Find the local maximum and minimum values and saddle point(s) of the function.
f(x,y) = (e^x) * cosy

The textbook answer is "none." I sort of reached that conclusion but I don't know if my reasoning is correct...

2. Relevant equations

The Second Derivative Test: let D = D(a,b) = fxx(a,b)*fyy(a,b) - [fxy(a,b)]^2
if D > 0 and fxx(a,b) > 0, then f(a,b) is a local minimum
if D > 0 and fxx(a,b) < 0, then f(a,b) is a local maximum
if D < 0 then f(a,b) is a saddle point
if D = 0 then the test is inconclusive

3. The attempt at a solution


Since the textbook answer is none, I suppose in my answer I should demonstrate how I came to the conclusion that there are no mins, maxes, or saddle points. I worked something out that seems to lead to that conclusion, but I'm not sure if my reasoning makes sense.

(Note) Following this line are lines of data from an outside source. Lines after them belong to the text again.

text \<open>Natural action of alpha on an element a of finite order n = prod p^(e_p) of a
  (multiplicatively written) abelian group: alpha_p acts on the p-primary component
  (of order p^(e_p)) as multiplication by alpha_p mod p^(e_p); altogether this is
  the power a^k for any integer k with k = alpha_p(e_p) mod p^(e_p) for all p | n
  (such k exists by CRT, and a^k does not depend on its choice).\<close>
definition padic_mult :: "('a, 'b) monoid_scheme \<Rightarrow> (nat \<Rightarrow> nat \<Rightarrow> int) \<Rightarrow> 'a \<Rightarrow> 'a" where
  "padic_mult G \<alpha> a =
     (let n = group.ord G a in
      a [^]\<^bsub>G\<^esub> (SOME k::int. \<forall>p\<in>prime_factors n.
         [k = \<alpha> p (multiplicity p n)] (mod (int p ^ multiplicity p n))))"

definition periodic_group :: "('a, 'b) monoid_scheme \<Rightarrow> bool" where
  "periodic_group G \<longleftrightarrow> (\<forall>a\<in>carrier G. group.ord G a \<noteq> 0)"

end

theory Submission
  imports Defs
begin

text \<open>Multiplication by \<open>\<alpha>\<close> is an endomorphism of a periodic abelian group that commutes with
  every homomorphism, in particular with every endomorphism \<open>\<phi>\<close> and every quotient map; on an
  element of order \<open>n\<close> it is the power by an integer representing \<open>\<alpha>\<close> modulo \<open>n\<close>. Hence
  \<open>\<psi> = \<phi> - \<alpha>\<close> is an endomorphism commuting with \<open>\<phi>\<close>, and both conditions say that \<open>\<psi>\<close> has small
  image: (MF) says that \<open>\<psi>\<close> vanishes on a subgroup of finite index, so its image \<open>A\<^sub>1\<close> is
  finite, \<open>\<phi>\<close>-invariant, and \<open>\<phi> = \<alpha>\<close> modulo \<open>A\<^sub>1\<close>; (FM) says that \<open>\<psi>\<close> takes values in a
  finite subgroup, so its kernel, on which \<open>\<phi> = \<alpha>\<close>, has finite index.\<close>

definition padic_residue :: "(nat \<Rightarrow> nat \<Rightarrow> int) \<Rightarrow> nat \<Rightarrow> int \<Rightarrow> bool" where
  "padic_residue \<alpha> n k \<longleftrightarrow> (\<forall>p\<in>prime_factors n.
     [k = \<alpha> p (multiplicity p n)] (mod (int p ^ multiplicity p n)))"

lemma padic_residue_exists: "\<exists>k. padic_residue \<alpha> n k"
proof -
  let ?m = "\<lambda>p. p ^ multiplicity p n"
  let ?u = "\<lambda>p. nat (\<alpha> p (multiplicity p n) mod int (?m p))"
  have pairwise_coprime: "\<forall>p\<in>prime_factors n. \<forall>q\<in>prime_factors n. p \<noteq> q \<longrightarrow> coprime (?m p) (?m q)"
    by (auto intro!: coprime_power_left_iff[THEN iffD2] coprime_power_right_iff[THEN iffD2] primes_coprime)
  obtain x where x: "\<forall>p\<in>prime_factors n. [x = ?u p] (mod ?m p)"
    using chinese_remainder_nat[OF _ pairwise_coprime, of ?u] by auto
  have "padic_residue \<alpha> n (int x)"
    unfolding padic_residue_def
  proof
    fix p assume p: "p \<in> prime_factors n"
    then have "[int x = int (?u p)] (mod int (?m p))"
      using x cong_int_iff by blast
    moreover have "int (?u p) = \<alpha> p (multiplicity p n) mod int (?m p)"
      using p by (simp add: prime_factors_gt_0_nat)
    ultimately show "[int x = \<alpha> p (multiplicity p n)] (mod (int p ^ multiplicity p n))"
      by (simp add: cong_def)
  qed
  then show ?thesis ..
qed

That's the thing I really would like help with--does this line of reasoning lead to the correct conclusion?

So...
I've took the first partial derivatives and set them equal to zero:

fx = (e^x) * cosy = 0
fy = -(e^x) * siny = 0

and since e^x never reaches 0, the only points where these statements can be true is where

cosy = 0 and/or siny = 0
which occurs at pi/2, -pi/2 and 0

Next, take the relevant second partials:

fxx = (e^x)*cosy
fyy = -(e^x)*cosy
fxy = -(e^x)*siny

D = (e^x)cosy*(-e^x)cosy - [(-e^x)siny]^2
= -(e^2x)*cos(y)^2 - (e^x)*sin(y)^2
= -(e^2x) * [ cos(y)^2 + sin(y)^2 ]
= -(e^2x)

Since D is always < 0 (since e^2x is always positive), this analysis suggests there is a continuous line of saddle points, which is not possible/doesn't make sense. So, there must not be any local mins, maxes, or saddle points.

Is it correct to reason that way?

Any help, advice, or criticism would be much appreciated.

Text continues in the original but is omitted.